The first observation is that the table extension is very small, because the table extension does not occur frequently in n operations, so the boundaries of O (n^2) are not compact.

In particular, the table extension occurs in the first I operation, where i-1 happens to be a power of 2.

Therefore, we can decompose the CI into:

The total cost of such n operations is:

Therefore, the cost of averaging for each operation is 3, in other words, the average cost per Tableinsert operation is O (n)/n=o (1)

If we use the Bookkeeping method:

For the first I operation, an averaging cost is spent. This cost is consumed to run behind the operation. Any quantity that is not immediately consumed will be present in a "bank" for subsequent operations.

Therefore, for the first operation, $ A is used for the following occasions:

A. Pay-As-you-insert operation

B. The table extension after the $ $ store, including the most recent I/2 entry for the copy and the I/2 entry before the copy

The deposit will never be negative. In other words, the cost of averaging and the upper bound of the actual cost are given.

If we use the potential energy method:

A bank account can be seen as a potential energy function of a dynamic set. More specifically, we would like to have a potential energy function of this nature:

A. After an expansion,

B. Before an extension, the next expansion can be paid by potential energy

One possible scenario:

The line chart is:

Initially, and it is very easy to verify when the table is always at least half full.

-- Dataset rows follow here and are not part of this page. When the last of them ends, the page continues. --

definition matches :: "(nat \<Rightarrow> bool) \<Rightarrow> nat set \<Rightarrow> (nat \<Rightarrow> bool) \<Rightarrow> real" where
  "matches \<sigma> S y = (\<Sum>i\<in>S. if y i = \<sigma> i then 1 else 0)"

lemma expectation_indicator_pmf:
  "measure_pmf.expectation M (\<lambda>x. if P x then 1 else 0 :: real) = measure M {x. P x}"
proof -
  have "(\<lambda>x. if P x then 1 else 0 :: real) = indicator {x. P x}"
    by (simp add: fun_eq_iff)
  then show ?thesis by simp
qed

lemma biased_matches_upper_tail:
  assumes "0 \<le> \<gamma>" "\<gamma> \<le> 1" "S \<subseteq> {..<n}" "S \<noteq> {}" "0 \<le> t"
  shows "measure (biased_cube n \<gamma>) {y. (\<Sum>i\<in>S. if \<sigma> i then \<gamma> else 1 - \<gamma>) + t \<le> matches \<sigma> S y}
           \<le> exp (-2 * t\<^sup>2 / card S)"
proof -
  let ?X = "\<lambda>i y. if y i = \<sigma> i then 1 else 0 :: real"
  let ?E = "\<lambda>i. measure_pmf.expectation (biased_cube n \<gamma>) (?X i)"
  have "?E i = (if \<sigma> i then \<gamma> else 1 - \<gamma>)" if "i \<in> S" for i
  proof -
    have coordinate: "map_pmf (\<lambda>y. y i) (biased_cube n \<gamma>) = bernoulli_pmf \<gamma>"
      unfolding biased_cube_def using that assms(3) by (subst Pi_pmf_component) auto
    have "measure (bernoulli_pmf \<gamma>) {\<sigma> i} = measure (biased_cube n \<gamma>) ((\<lambda>y. y i) -` {\<sigma> i})"
      unfolding coordinate[symmetric] by (rule measure_map_pmf)
    also have "(\<lambda>y. y i) -` {\<sigma> i} = {y. y i = \<sigma> i}" by auto
    finally show ?thesis
      using assms(1,2) by (cases "\<sigma> i") (simp_all add: expectation_indicator_pmf measure_pmf_single)
  qed
  then have "(\<Sum>i\<in>S. if \<sigma> i then \<gamma> else 1 - \<gamma>) = (\<Sum>i\<in>S. ?E i)"
    by simp
  then have "measure (biased_cube n \<gamma>) {y. (\<Sum>i\<in>S. if \<sigma> i then \<gamma> else 1 - \<gamma>) + t \<le> matches \<sigma> S y}
      = measure (biased_cube n \<gamma>) {y. (\<Sum>i\<in>S. ?E i) + t \<le> (\<Sum>i\<in>S. ?X i y)}"
    by (simp only: matches_def)
  also have "\<dots> \<le> exp (-2 * t\<^sup>2 / card S)"
    using assms(3-5) finite_subset[OF assms(3)]
    by (intro Hoeffding_ineq_pmf(1) indep_vars_biased_coordinates[where h="\<lambda>i b. if b = \<sigma> i then 1 else 0"])
       auto
  finally show ?thesis .
qed

lemma uniform_matches_lower_tail:
  assumes "disjoint_family_on (dep_set m g) S" "finite S" "S \<noteq> {}" "0 \<le> t"
  shows "measure (uniform_cube m)
           {x. matches \<sigma> S (g x) \<le> (\<Sum>i\<in>S. measure (uniform_cube m) {x. g x i = \<sigma> i}) - t}
           \<le> exp (-2 * t\<^sup>2 / card S)"
proof -
  let ?Y = "\<lambda>i x. if g (\<lambda>j. j \<in> dep_set m g i \<and> x j) i = \<sigma> i then 1 else 0 :: real"
  let ?E = "\<lambda>i. measure_pmf.expectation (uniform_cube m) (?Y i)"
  have "measure (uniform_cube m) {x. g x i = \<sigma> i} = ?E i" for i
  proof -
    have "measure (uniform_cube m) {x. g x i = \<sigma> i}
            = measure (uniform_cube m) ({x. g x i = \<sigma> i} \<inter> cube m)"
      unfolding uniform_cube_def by (rule measure_Pi_pmf_Int_cube[symmetric])
    also have "{x. g x i = \<sigma> i} \<inter> cube m
                 = {x. g (\<lambda>j. j \<in> dep_set m g i \<and> x j) i = \<sigma> i} \<inter> cube m"
      using output_bit_restrict_dep_set[of _ m g i] by auto
    also have "measure (uniform_cube m) \<dots>
                 = measure (uniform_cube m) {x. g (\<lambda>j. j \<in> dep_set m g i \<and> x j) i = \<sigma> i}"
      unfolding uniform_cube_def by (rule measure_Pi_pmf_Int_cube)
    finally show ?thesis
      by (simp only: expectation_indicator_pmf)
  qed
  then have "measure (uniform_cube m)
      {x. matches \<sigma> S (g x) \<le> (\<Sum>i\<in>S. measure (uniform_cube m) {x. g x i = \<sigma> i}) - t}
      = measure (uniform_cube m) ({x. matches \<sigma> S (g x) \<le> (\<Sum>i\<in>S. ?E i) - t} \<inter> cube m)"
    unfolding uniform_cube_def by (simp add: measure_Pi_pmf_Int_cube)
  also have "{x. matches \<sigma> S (g x) \<le> (\<Sum>i\<in>S. ?E i) - t} \<inter> cube m
               = {x. (\<Sum>i\<in>S. ?Y i x) \<le> (\<Sum>i\<in>S. ?E i) - t} \<inter> cube m"
    using output_bit_restrict_dep_set[of _ m g] unfolding matches_def by (auto cong: sum.cong)
  also have "measure (uniform_cube m) \<dots> = measure (uniform_cube m) {x. (\<Sum>i\<in>S. ?Y i x) \<le> (\<Sum>i\<in>S. ?E i) - t}"
    unfolding uniform_cube_def by (rule measure_Pi_pmf_Int_cube)
  also have "\<dots> \<le> exp (-2 * t\<^sup>2 / card S)"
    by (rule Hoeffding_ineq_pmf(2)[OF indep_vars_output_bits[OF assms(1)]]) (use assms in auto)
  finally show ?thesis .
qed

lemma output_agreement_gap:
  fixes \<gamma> :: real
  assumes "card (dep_set m g i) \<le> d"
  defines "b \<equiv> \<gamma> \<le> measure (uniform_cube m) {x. g x i}"
  shows "(if b then \<gamma> else 1 - \<gamma>) + err \<gamma> d \<le> measure (uniform_cube m) {x. g x i = b}"
proof -
  have "err \<gamma> d \<le> \<bar>measure (uniform_cube m) {x. g x i} - \<gamma>\<bar>"
    using assms(1) by (rule err_le_output_bias)
  moreover have "measure (uniform_cube m) {x. \<not> g x i} = 1 - measure (uniform_cube m) {x. g x i}"
    using measure_pmf.prob_compl[of "{x. g x i}" "uniform_cube m"] by (simp add: Compl_eq_Diff_UNIV[symmetric] Collect_neg_eq)
  ultimately show ?thesis
    by (cases b) (auto simp: b_def)
qed

lemma pushforward_matches_lower_tail:
  fixes \<gamma> :: real
  assumes "disjoint_family_on (dep_set m g) S" "finite S" "S \<noteq> {}"
    and "\<forall>i\<in>S. card (dep_set m g i) \<le> d" "0 \<le> t" "2 * t \<le> real (card S) * err \<gamma> d"
  defines "\<sigma> \<equiv> \<lambda>i. \<gamma> \<le> measure (uniform_cube m) {x. g x i}"
  shows "1 - exp (-2 * t\<^sup>2 / card S) \<le> measure (map_pmf g (uniform_cube m))
           {y. (\<Sum>i\<in>S. if \<sigma> i then \<gamma> else 1 - \<gamma>) + t \<le> matches \<sigma> S y}"
proof -
  let ?A = "{y. (\<Sum>i\<in>S. if \<sigma> i then \<gamma> else 1 - \<gamma>) + t \<le> matches \<sigma> S y}"
  have "(\<Sum>i\<in>S. if \<sigma> i then \<gamma> else 1 - \<gamma>) + 2 * t
          \<le> (\<Sum>i\<in>S. (if \<sigma> i then \<gamma> else 1 - \<gamma>) + err \<gamma> d)"
    using assms(6) by (simp add: sum.distrib)
  also have "\<dots> \<le> (\<Sum>i\<in>S. measure (uniform_cube m) {x. g x i = \<sigma> i})"
    using assms(4) unfolding \<sigma>_def by (intro sum_mono output_agreement_gap) auto
  finally have "measure (map_pmf g (uniform_cube m)) (- ?A)
      \<le> measure (uniform_cube m)
          {x. matches \<sigma> S (g x) \<le> (\<Sum>i\<in>S. measure (uniform_cube m) {x. g x i = \<sigma> i}) - t}"
    by (auto intro!: measure_pmf.finite_measure_mono)
  also have "\<dots> \<le> exp (-2 * t\<^sup>2 / card S)"
    using assms(1-3,5) by (rule uniform_matches_lower_tail)
  finally show ?thesis
    using measure_pmf.prob_compl[of ?A "map_pmf g (uniform_cube m)"] by (simp add: Compl_eq_Diff_UNIV)
qed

Then the reference to this is defined as:

In this case, it is an upper bound of the actual operation.

The following two scenarios are calculated:

Case-1: The first insert does not trigger an extension

At this point, here, Numi represents the number of table entries after the first operation, Sizei represents the size of the table, and TI represents potential energy.

Case-2: The I operation triggered an extension of a table

At this time

Therefore, starting with an empty table, a sequence of n Tableinsert operations takes O (n) in the worst case scenario.

The delete operation is similar to the analysis.

In general, because the averaging analysis of each operation is bounded by a constant, the actual cost of the sequence of any n Tableinsert and tabledelete operations on a dynamic table is O (n) if it starts with an empty table.

Averaging analysis can provide a clear abstraction of data structure performance. Any analysis method can be used when an averaging analysis is invoked, but there are some cases where each method is controversial as the simplest. Different methods may be applicable to different averaging cost assignments, and may sometimes get completely different bounds.


Algorithm Lesson Note Series (vii)--split analysis

Contact Us

The content source of this page is from Internet, which doesn't represent Alibaba Cloud's opinion; products and services mentioned on that page don't have any relationship with Alibaba Cloud. If the content of the page makes you feel confusing, please write us an email, we will handle the problem within 5 days after receiving your email.

If you find any instances of plagiarism from the community, please send an email to: info-contact@alibabacloud.com and provide relevant evidence. A staff member will contact you within 5 working days.

A Free Trial That Lets You Build Big!

Start building with 50+ products and up to 12 months usage for Elastic Compute Service

  • Sales Support

    1 on 1 presale consultation

  • After-Sales Support

    24/7 Technical Support 6 Free Tickets per Quarter Faster Response

  • Alibaba Cloud offers highly flexible support services tailored to meet your exact needs.